**To do**
Every line below that has "auto" in it should be copied.

Stored data
+---+

(* Let $C\subseteq\mathbb{F}_q^n$ be a constant weight linear code of dimension $k$, and let $0\leqslant i\leqslant k$. Then \[ N_i=\{\mathrm{Supp}(C') : C' \text{ is a subcode of } C \text{ of dimension } i\}. \]
   Context: A subcode is a linear subspace; $\mathrm{Supp}(D)=\{x: \exists d\in D,\ d_x\neq0\}$. A constant weight code is a linear code all of whose non-zero codewords have the same number of non-zero coordinates. Let $H_C$ be a parity check matrix of $C$ ($c\in C$ iff $cH_C^t=0$); the associated matroid has ground set $E=\{1,\dots,n\}$ and independent sets the subsets indexing linearly independent columns of $H_C$; $\mathrm{rank}(\sigma)$ is the maximal size of an independent subset of $\sigma$. $N_i$ denotes the set of inclusion-minimal subsets $\sigma\subseteq E$ with $\#\sigma-\mathrm{rank}(\sigma)=i$. *)

theory Defs
  imports "HOL-Analysis.Analysis"
begin

text \<open>Vectors of the ambient space F_q^n are elements of 'a^'n with 'a a finite field and
  the coordinate index set E = UNIV :: 'n set (finite, n = CARD('n)).
  A parity check matrix H :: 'a^'n^'m satisfies: c in C iff H *v c = 0 (i.e. c H^t = 0).\<close>

definition Supp :: "('a::zero ^ 'n) set \<Rightarrow> 'n set" where
  "Supp D = {x. \<exists>d\<in>D. d $ x \<noteq> 0}"

definition wt :: "'a::zero ^ 'n \<Rightarrow> nat" where
  "wt c = card {x. c $ x \<noteq> 0}"

definition constant_weight :: "('a::zero ^ 'n) set \<Rightarrow> bool" where
  "constant_weight C \<longleftrightarrow> (\<forall>c\<in>C. \<forall>d\<in>C. c \<noteq> 0 \<longrightarrow> d \<noteq> 0 \<longrightarrow> wt c = wt d)"

text \<open>Independent sets of the matroid of H: sets of column indices whose columns are
  linearly independent (as a family, so repeated columns count as dependent).\<close>
definition mindep :: "'a::field ^ 'n ^ 'm \<Rightarrow> 'n set \<Rightarrow> bool" where
  "mindep H \<tau> \<longleftrightarrow> inj_on (\<lambda>j. column j H) \<tau> \<and> vec.independent ((\<lambda>j. column j H) ` \<tau>)"

definition mrank :: "'a::field ^ 'n ^ 'm \<Rightarrow> 'n set \<Rightarrow> nat" where
  "mrank H \<sigma> = Max {card \<tau> | \<tau>. \<tau> \<subseteq> \<sigma> \<and> mindep H \<tau>}"

definition nullity :: "'a::field ^ 'n ^ 'm \<Rightarrow> 'n set \<Rightarrow> nat" where
  "nullity H \<sigma> = card \<sigma> - mrank H \<sigma>"

definition N :: "'a::field ^ 'n ^ 'm \<Rightarrow> nat \<Rightarrow> 'n set set" where
  "N H i = {\<sigma>. nullity H \<sigma> = i \<and> (\<forall>\<tau>. \<tau> \<subset> \<sigma> \<longrightarrow> nullity H \<tau> \<noteq> i)}"

end

theory Submission
  imports Defs
begin

text \<open>For \<open>\<sigma> \<subseteq> E\<close>, rank-nullity for \<open>H\<close> restricted to the vectors supported in \<open>\<sigma>\<close>
  shows that the nullity of \<open>\<sigma>\<close> in the matroid of \<open>H\<close> is the dimension of the subcode
  \<open>C(\<sigma>)\<close> of codewords supported in \<open>\<sigma>\<close>; hence a minimal \<open>\<sigma>\<close> of nullity \<open>i\<close> is the
  support of \<open>C(\<sigma>)\<close>. Conversely, double counting nonzero entries gives
  \<open>q \<cdot> \<Sum>wt = (q - 1) \<cdot> |D| \<cdot> |Supp D|\<close> for every subcode \<open>D\<close>, so in a constant weight code the
  support determines \<open>|D|\<close> and no subcode is strictly contained in another with the same
  support. Thus \<open>D = C(Supp D)\<close>, and comparing dimensions shows that \<open>Supp D\<close> is minimal.\<close>

context finite_dimensional_vector_space
begin

lemma complement_subspace_exists:
  assumes K: "subspace K" "K \<subseteq> V" and V: "subspace V"
  obtains W where "subspace W" "W \<subseteq> V" "{x + y |x y. x \<in> K \<and> y \<in> W} = V" "K \<inter> W \<subseteq> {0}"
proof -
  obtain BK where BK: "BK \<subseteq> K" "independent BK" "K \<subseteq> span BK" "card BK = dim K"
    using basis_exists[of K] by blast
  obtain B where B: "BK \<subseteq> B" "B \<subseteq> V" "independent B" "V \<subseteq> span B"
    using maximal_independent_subset_extend[of BK V] BK K by blast
  have "finite B" using B(3) independent_bound_general by blast
  define W where "W = span (B - BK)"
  have "B - BK \<subseteq> V" using B(2) by blast
  then have W: "subspace W" "W \<subseteq> V"
    unfolding W_def using V by (simp_all add: span_minimal)
  have "span B = V" using B V by (simp add: span_subspace)
  then have "dim V = card B"
    using dim_span_eq_card_independent[OF B(3)] by simp
  moreover have "dim W \<le> card B - card BK"
    using dim_le_card[of "B - BK" "B - BK"] \<open>finite B\<close> B(1)
    by (simp add: W_def card_Diff_subset finite_subset span_superset)
  moreover have KW_sum: "{x + y |x y. x \<in> K \<and> y \<in> W} = V"
  proof
    show "{x + y |x y. x \<in> K \<and> y \<in> W} \<subseteq> V" using K W V by (auto intro: subspace_add)
    have "span BK = K" using BK K by (simp add: span_subspace)
    moreover have "V \<subseteq> span (BK \<union> (B - BK))" using B by (simp add: Un_absorb1)
    ultimately show "V \<subseteq> {x + y |x y. x \<in> K \<and> y \<in> W}" unfolding span_Un W_def by blast
  qed
  moreover have "dim (K \<inter> W) + dim V = dim K + dim W"
    using dim_sums_Int[OF K(1) W(1)] KW_sum by simp
  moreover have "card BK \<le> card B" using \<open>finite B\<close> B(1) by (rule card_mono)
  ultimately have "dim (K \<inter> W) = 0"
    using BK(4) by linarith
  with W KW_sum show ?thesis using that by simp
qed

end

context finite_dimensional_vector_space_pair_1
begin

lemma rank_nullity:
  assumes f: "Vector_Spaces.linear (*a) (*b) f" and V: "vs1.subspace V"
  shows "vs1.dim V = vs1.dim {x\<in>V. f x = 0} + vs2.dim (f ` V)"
proof -
  interpret f: Vector_Spaces.linear "(*a)" "(*b)" f by (fact f)
  define K where "K = {x\<in>V. f x = 0}"
  have K: "vs1.subspace K" "K \<subseteq> V"
    using V by (auto simp: K_def vs1.subspace_def f.add f.scale)
  then obtain W where W: "vs1.subspace W" "W \<subseteq> V" and
    KW_sum: "{x + y |x y. x \<in> K \<and> y \<in> W} = V" and KW_Int: "K \<inter> W \<subseteq> {0}"
    using V by (rule vs1.complement_subspace_exists)
  have "vs1.dim (K \<inter> W) = 0" using KW_Int by simp
  then have "vs1.dim V = vs1.dim K + vs1.dim W"
    using vs1.dim_sums_Int[OF K(1) W(1), unfolded KW_sum] by linarith
  moreover have "inj_on f W"
    using W KW_Int by (subst f.inj_on_iff_eq_0) (auto simp: K_def)
  with W(1) have "vs2.dim (f ` W) = vs1.dim W"
    using dim_image_eq[OF f] vs1.span_eq_iff by metis
  moreover have "f ` V = f ` W"
  proof
    show "f ` V \<subseteq> f ` W"
      unfolding KW_sum[symmetric] by (auto simp: K_def f.add)
  qed (use W(2) in blast)
  ultimately show ?thesis by (simp add: K_def)
qed

end

definition coord_subspace :: "'n set \<Rightarrow> ('a::zero ^ 'n) set" where
  "coord_subspace \<sigma> = {x. \<forall>i. i \<notin> \<sigma> \<longrightarrow> x $ i = 0}"

lemma Supp_subset_iff: "Supp X \<subseteq> \<sigma> \<longleftrightarrow> X \<subseteq> coord_subspace \<sigma>"
  by (auto simp: Supp_def coord_subspace_def)

lemma coord_subspace_mono: "\<sigma> \<subseteq> \<tau> \<Longrightarrow> coord_subspace \<sigma> \<subseteq> coord_subspace \<tau>"
  by (auto simp: coord_subspace_def)

lemma subspace_coord_subspace: "vec.subspace (coord_subspace \<sigma> :: ('a::field ^ 'n) set)"
  by (auto simp: vec.subspace_def coord_subspace_def)

lemma matrix_vector_mult_axis: "(H :: 'a::field ^ 'n ^ 'm) *v axis j 1 = column j H"
  by (simp add: vec_eq_iff matrix_vector_mult_def column_def axis_def)
     (simp add: if_distrib[of "\<lambda>x. _ * x"] cong: if_cong)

+---+

**Response to this task**
    show "{x + y |x y. x \<in> K \<and> y \<in> W} \<subseteq> V" using K W V by (auto intro: subspace_add)
    using V by (auto simp: K_def vs1.subspace_def f.add f.scale)
    using W KW_Int by (subst f.inj_on_iff_eq_0) (auto simp: K_def)
      unfolding KW_sum[symmetric] by (auto simp: K_def f.add)
  by (auto simp: Supp_def coord_subspace_def)
  by (auto simp: coord_subspace_def)
  by (auto simp: vec.subspace_def coord_subspace_def)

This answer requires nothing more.